Colorado law provides for incompetency determinations in numerous contexts such as criminal proceedings, commitment proceedings, involuntary medical treatment, and otherwise. Although the definitions vary, the central consideration is whether the individual is incapable of participating effectively in communication and decision-making. See, e.g., Sniff, 2015 WL 7351477, at *3 ; People ex Rel. Strodtman , 293 P.3d 123, 132 (Colo. App. 2011) (explaining incompetency determination in involuntary medical treatment case); see also COLO. REV. STAT. §§ 16-8.5-101(11) and 102(2)(a) (defining phrase "incompetent to proceed" in various criminal contexts); COLO. REV. STAT. § 27-65-101 et seq. (containing various definitions pertaining to mental health). The Colorado approach comports with common understanding of the term "incompetent." See AMERICAN HERITAGE DICTIONARY OF THE ENGLISH LANGUAGE 889 (Houghton Mifflin Harcourt, Fifth Ed. 2011) ("incompetent" means "lacking sufficient mental ability or awareness").

The term "incapacity" is similar.
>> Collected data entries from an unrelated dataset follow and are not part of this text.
(* Assume $f$ satisfies Hypothesis 2 (see context) and let $\xi,\xi_\eta$ be as defined in the context. Then for each $\eta\in(0,1]$ and all $s\in(0,+\infty)$: \[ |\xi_\eta(s)|\le|\xi(s)|,\qquad |\xi_\eta'(s)|\le\frac{|\xi(s)|}{s}+\frac{1}{s^2f''(s)}+\frac{2\eta|\xi(s)|}{s^2f''(s)}, \] \[ |\xi_\eta''(s)f''(s)s^2|\le2\eta|\xi_\eta'(s)|+(1+2\eta|\xi(s)|)\,\big|(\log(f''(s)s))'\big|. \]
   Context: Hypothesis 2 on $f\colon(0,\infty)\to\mathbb{R}$: (I1) $f\in C^{4,\beta}_{loc}(0,\infty)$ for some $\beta\in(0,1]$, $f''>0$; (I2) $\frac{1}{\alpha\kappa}s^\alpha\le s^2f''(s)$ for $s>0$, with $\alpha\in(0,1)$, $\kappa>0$; (I3) $|sf'''(s)/f''(s)|\le\kappa$ for $s>0$; (I4) there is $\mathcal{K}_{\inf}>0$ with $\int_\Omega f(\mu)\,dx>-\mathcal{K}_{\inf}$ for all $\mu\in\mathscr{P}^{ac}(\Omega)$, $\Omega=(0,L)$. Define $\xi(s)=-s\int_s^\infty\frac{dy}{y^3f''(y)}$ and, for $\eta\in(0,1]$, $\xi_\eta(s)=-s\exp\!\big(\int_0^s\frac{2\eta}{y^2f''(y)}dy\big)\int_s^\infty\exp\!\big(-\int_0^y\frac{2\eta}{z^2f''(z)}dz\big)\frac{dy}{y^3f''(y)}$. *)

theory Defs
  imports "HOL-Analysis.Analysis"
begin

abbreviation dk :: "nat \<Rightarrow> (real \<Rightarrow> real) \<Rightarrow> real \<Rightarrow> real" where
  "dk k f \<equiv> (deriv ^^ k) f"

definition C4beta_loc :: "real \<Rightarrow> (real \<Rightarrow> real) \<Rightarrow> bool" where
  "C4beta_loc \<beta> f \<longleftrightarrow>
     (\<forall>k<4. \<forall>s>0. (dk k f has_real_derivative dk (Suc k) f s) (at s)) \<and>
     (\<forall>K. compact K \<and> K \<subseteq> {0<..} \<longrightarrow>
        (\<exists>C. \<forall>x\<in>K. \<forall>y\<in>K. \<bar>dk 4 f x - dk 4 f y\<bar> \<le> C * \<bar>x - y\<bar> powr \<beta>))"

text \<open>Hypothesis 2, with parameters alpha, beta, kappa, K_inf and Omega = (0,L).\<close>
definition hypothesis2 ::
  "(real \<Rightarrow> real) \<Rightarrow> real \<Rightarrow> real \<Rightarrow> real \<Rightarrow> real \<Rightarrow> real \<Rightarrow> bool" where
  "hypothesis2 f \<alpha> \<beta> \<kappa> Kinf L \<longleftrightarrow>
     0 < \<beta> \<and> \<beta> \<le> 1 \<and> 0 < \<alpha> \<and> \<alpha> < 1 \<and> 0 < \<kappa> \<and> 0 < Kinf \<and> 0 < L \<and>
     C4beta_loc \<beta> f \<and> (\<forall>s>0. dk 2 f s > 0) \<and>
     (\<forall>s>0. s powr \<alpha> / (\<alpha> * \<kappa>) \<le> s\<^sup>2 * dk 2 f s) \<and>
     (\<forall>s>0. \<bar>s * dk 3 f s / dk 2 f s\<bar> \<le> \<kappa>) \<and>
     (\<forall>\<rho>. \<rho> \<in> borel_measurable lborel \<and> (\<forall>x\<in>{0<..<L}. 0 < \<rho> x) \<and>
          set_integrable lborel {0<..<L} \<rho> \<and> (LINT x:{0<..<L}|lborel. \<rho> x) = 1 \<and>
          set_integrable lborel {0<..<L} (\<lambda>x. f (\<rho> x))
          \<longrightarrow> (LINT x:{0<..<L}|lborel. f (\<rho> x)) > - Kinf)"

definition xi :: "(real \<Rightarrow> real) \<Rightarrow> real \<Rightarrow> real" where
  "xi f s = - s * integral {s..} (\<lambda>y. 1 / (y ^ 3 * dk 2 f y))"

definition xi_eta :: "(real \<Rightarrow> real) \<Rightarrow> real \<Rightarrow> real \<Rightarrow> real" where
  "xi_eta f \<eta> s =
     - s * exp (integral {0..s} (\<lambda>y. 2 * \<eta> / (y\<^sup>2 * dk 2 f y)))
       * integral {s..} (\<lambda>y. exp (- integral {0..y} (\<lambda>z. 2 * \<eta> / (z\<^sup>2 * dk 2 f z)))
                              / (y ^ 3 * dk 2 f y))"

end

theory Submission
  imports Defs
begin

text \<open>
  With \<open>\<Phi>(s) = \<integral>\<^sub>0\<^sup>s 2\<eta> / (y\<^sup>2 f''(y)) dy\<close>, differentiating the definition shows that \<open>\<xi>\<^sub>\<eta>\<close>
  solves the linear equation \<open>\<xi>\<^sub>\<eta>' = \<xi>\<^sub>\<eta> / s + (1 + 2\<eta> \<xi>\<^sub>\<eta>) / (s\<^sup>2 f'')\<close>. Since \<open>\<Phi>\<close> is
  nondecreasing, the factor \<open>exp (\<Phi>(s) - \<Phi>(y))\<close> in the integrand of \<open>\<xi>\<^sub>\<eta>(s)\<close> is at most 1
  for \<open>y \<ge> s\<close>, which gives \<open>|\<xi>\<^sub>\<eta>| \<le> |\<xi>|\<close>. The bound on \<open>\<xi>\<^sub>\<eta>'\<close> is then read off the equation,
  and differentiating the equation once more yields
  \<open>\<xi>\<^sub>\<eta>'' f'' s\<^sup>2 = 2\<eta> \<xi>\<^sub>\<eta>' - (1 + 2\<eta> \<xi>\<^sub>\<eta>) (log (f'' s))'\<close>.
  All integrals converge because of (I2): \<open>1 / (s\<^sup>2 f''(s)) \<le> \<alpha>\<kappa> s\<^sup>-\<^sup>\<alpha>\<close> with \<open>0 < \<alpha> < 1\<close>.
\<close>

lemma integrable_on_atLeast_powr_bound:
  fixes k :: "real \<Rightarrow> real"
  assumes "0 < c" "0 < a" "continuous_on {c..} k"
    and "\<And>y. c \<le> y \<Longrightarrow> \<bar>k y\<bar> \<le> M * y powr (- 1 - a)"
  shows "k integrable_on {c..}"
proof (rule measurable_bounded_by_integrable_imp_integrable_real)
  show "k \<in> borel_measurable (lebesgue_on {c..})"
    using assms(3) by (rule continuous_imp_measurable_on_sets_lebesgue) simp
  have "(\<lambda>y. y powr (- 1 - a)) integrable_on {c..}"
    using assms(1,2) by (intro has_integral_integrable[OF has_integral_powr_to_inf]) auto
  then show "(\<lambda>y. M * y powr (- 1 - a)) integrable_on {c..}"
    by (rule integrable_on_mult_right)
qed (use assms(4) in auto)

lemma integrable_on_0_powr_bound:
  fixes k :: "real \<Rightarrow> real"
  assumes "0 < s" "a < 1" "continuous_on {0<..s} k"
    and "\<And>y. 0 < y \<Longrightarrow> y \<le> s \<Longrightarrow> \<bar>k y\<bar> \<le> M * y powr (- a)"
  shows "k integrable_on {0..s}"
proof -
  have "k integrable_on {0<..s}"
  proof (rule measurable_bounded_by_integrable_imp_integrable_real)
    show "k \<in> borel_measurable (lebesgue_on {0<..s})"
      using assms(3) by (rule continuous_imp_measurable_on_sets_lebesgue) simp
    have "(\<lambda>y. y powr (- a)) integrable_on {0<..s}"
      using integrable_on_powr_from_0'[of "- a" s] assms(1,2) by simp
    then show "(\<lambda>y. M * y powr (- a)) integrable_on {0<..s}"
      by (rule integrable_on_mult_right)
  qed (use assms(4) in auto)
  then show ?thesis
    by (rule integrable_spike_set) (auto intro: negligible_subset[of "{0}"])
qed

lemma integral_atLeast_split:
  fixes k :: "real \<Rightarrow> real"
  assumes "k integrable_on {c..}" "k integrable_on {u..}" "c \<le> u"
  shows "integral {c..} k = integral {c..u} k + integral {u..} k"
proof -
  have "k integrable_on {c..u}"
    using assms(1) by (rule integrable_on_subinterval) auto
  with assms(2) have "(k has_integral integral {c..u} k + integral {u..} k) ({c..u} \<union> {u..})"
    by (intro has_integral_Un integrable_integral) (auto intro: negligible_subset[of "{u}"])
  moreover have "{c..u} \<union> {u..} = {c..}"
    using assms(3) by auto
  ultimately show ?thesis
    by (simp add: integral_unique)
qed

lemma integral_upper_has_real_derivative:
  fixes k :: "real \<Rightarrow> real"
  assumes "k integrable_on {a..b}" "a < t" "t < b" "isCont k t"
  shows "((\<lambda>u. integral {a..u} k) has_real_derivative k t) (at t)"
proof -
  have "((\<lambda>u. integral {a..u} k) has_vector_derivative k t) (at t within {a..b})"
    using integral_has_vector_derivative_continuous_at[of k a b t "{}"] assms
    by (simp add: continuous_at_imp_continuous_within)
  moreover have "at t within {a..b} = at t"
    using assms(2,3) by (intro at_within_interior) auto
  ultimately show ?thesis
    by (simp add: has_real_derivative_iff_has_vector_derivative)
qed

lemma integral_atLeast_has_real_derivative:
  fixes k :: "real \<Rightarrow> real"
  assumes "\<And>u. c < u \<Longrightarrow> k integrable_on {u..}" "c < t" "isCont k t"
  shows "((\<lambda>u. integral {u..} k) has_real_derivative - k t) (at t)"
proof -
  define c' where "c' = (c + t) / 2"
  have "c < c'" "c' < t"
    using assms(2) by (auto simp: c'_def)
  have "k integrable_on {c'..t + 1}"
    using assms(1)[OF \<open>c < c'\<close>] by (rule integrable_on_subinterval) auto
  then have "((\<lambda>u. integral {c'..} k - integral {c'..u} k) has_real_derivative - k t) (at t)"
    using \<open>c' < t\<close> assms(3)
    by (auto intro!: derivative_eq_intros integral_upper_has_real_derivative)
  then show ?thesis
  proof (rule has_field_derivative_transform_within_open[where S = "{c'<..}"])
    fix u
    assume "u \<in> {c'<..}"
    then show "integral {c'..} k - integral {c'..u} k = integral {u..} k"
      using integral_atLeast_split[of k c' u] assms(1) \<open>c < c'\<close> by auto
  qed (use \<open>c' < t\<close> in auto)
qed

locale xi_eta_setting =
  fixes f :: "real \<Rightarrow> real" and \<eta> a M :: real
  assumes has_real_derivative_dk2: "\<And>t. 0 < t \<Longrightarrow> (dk 2 f has_real_derivative dk 3 f t) (at t)"
    and dk2_pos: "\<And>t. 0 < t \<Longrightarrow> 0 < dk 2 f t"
    and dk2_growth: "\<And>t. 0 < t \<Longrightarrow> 1 / (t\<^sup>2 * dk 2 f t) \<le> M * t powr (- a)"
    and exponent_pos: "0 < a" and exponent_less_1: "a < 1"
    and eta_pos: "0 < \<eta>"
begin

definition Phi_integrand :: "real \<Rightarrow> real" where
  "Phi_integrand y = 2 * \<eta> / (y\<^sup>2 * dk 2 f y)"

definition Phi :: "real \<Rightarrow> real" where
  "Phi t = integral {0..t} Phi_integrand"

definition xi_integrand :: "real \<Rightarrow> real" where
  "xi_integrand y = 1 / (y ^ 3 * dk 2 f y)"

definition xi_eta_integrand :: "real \<Rightarrow> real" where
  "xi_eta_integrand y = exp (- Phi y) * xi_integrand y"

lemma xi_eq: "xi f s = - s * integral {s..} xi_integrand"
  by (simp add: xi_def xi_integrand_def[abs_def])

lemma xi_eta_eq: "xi_eta f \<eta> = (\<lambda>s. - s * exp (Phi s) * integral {s..} xi_eta_integrand)"
  by (simp add: fun_eq_iff xi_eta_def Phi_def Phi_integrand_def[abs_def] xi_eta_integrand_def[abs_def]
      xi_integrand_def)

lemma isCont_dk2: "0 < t \<Longrightarrow> isCont (dk 2 f) t"
  using has_real_derivative_dk2 by (rule DERIV_isCont)

lemma Phi_integrand_nonneg: "0 \<le> y \<Longrightarrow> 0 \<le> Phi_integrand y"
  using dk2_pos[of y] eta_pos by (cases "y = 0") (auto simp: Phi_integrand_def)

lemma isCont_Phi_integrand: "0 < t \<Longrightarrow> isCont Phi_integrand t"
  unfolding Phi_integrand_def[abs_def] using isCont_dk2 dk2_pos
  by (intro continuous_intros) (auto simp: less_imp_neq[symmetric])

lemma Phi_integrand_integrable: "0 < t \<Longrightarrow> Phi_integrand integrable_on {0..t}"
proof (rule integrable_on_0_powr_bound[OF _ exponent_less_1])
  show "continuous_on {0<..t} Phi_integrand"
    using isCont_Phi_integrand by (intro continuous_at_imp_continuous_on) simp
  fix y :: real
  assume "0 < y"
  then have "\<bar>Phi_integrand y\<bar> = 2 * \<eta> * (1 / (y\<^sup>2 * dk 2 f y))"
    using dk2_pos[of y] eta_pos by (simp add: Phi_integrand_def)
  also have "\<dots> \<le> 2 * \<eta> * (M * y powr (- a))"
    using dk2_growth[OF \<open>0 < y\<close>] eta_pos by (intro mult_left_mono) auto
  finally show "\<bar>Phi_integrand y\<bar> \<le> (2 * \<eta> * M) * y powr (- a)"
    by simp
qed

lemma Phi_has_real_derivative: "0 < t \<Longrightarrow> (Phi has_real_derivative Phi_integrand t) (at t)"
  unfolding Phi_def[abs_def]
  by (rule integral_upper_has_real_derivative[where b = "t + 1"])
     (auto intro: Phi_integrand_integrable isCont_Phi_integrand)

lemma isCont_Phi: "0 < t \<Longrightarrow> isCont Phi t"
  using Phi_has_real_derivative by (rule DERIV_isCont)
Under Colorado law, an incapacitated person means:

... an individual ... who is unable to effectively receive or evaluate information or both to make or communicate decisions to such an extent that the individual lacks the ability to satisfy essential requirements for physical health, safety, or self-care ....

COLO. REV. STAT. § 15-14-102(5). Even though the Bankruptcy Code does not define the word "incompetent", it does define the analogous term "incapacity" in a similar way to Colorado law but focusing on financial issues:

... incapacity means that the debtor is impaired by reason of mental illness or mental deficiency so that he is incapable of realizing and making rational decisions with respect to his financial responsibilities ....

11 U.S.C. § 109(h)(4).

Although the Court might prefer to abstain so that contested and complicated incompetency disputes may be adjudicated in state court under state law (for example, by abstention under 28 U.S.C. § 1334(c)(1) ), fortunately, this bankruptcy case presents a very easy factual scenario that makes abstention unnecessary. Every shred of admissible evidence confirms that the Debtor was incompetent when her daughter signed and filed the Petition on August 19, 2019. She has (and still has) severe dementia and memory loss. Her physician, Dr. Bauer, and three close relatives confirmed as much. Dr. Bauer also opined that the Debtor "was incapable of handling her financial affairs on August 19, 2019 and that she remains incapable of handling her financial affairs."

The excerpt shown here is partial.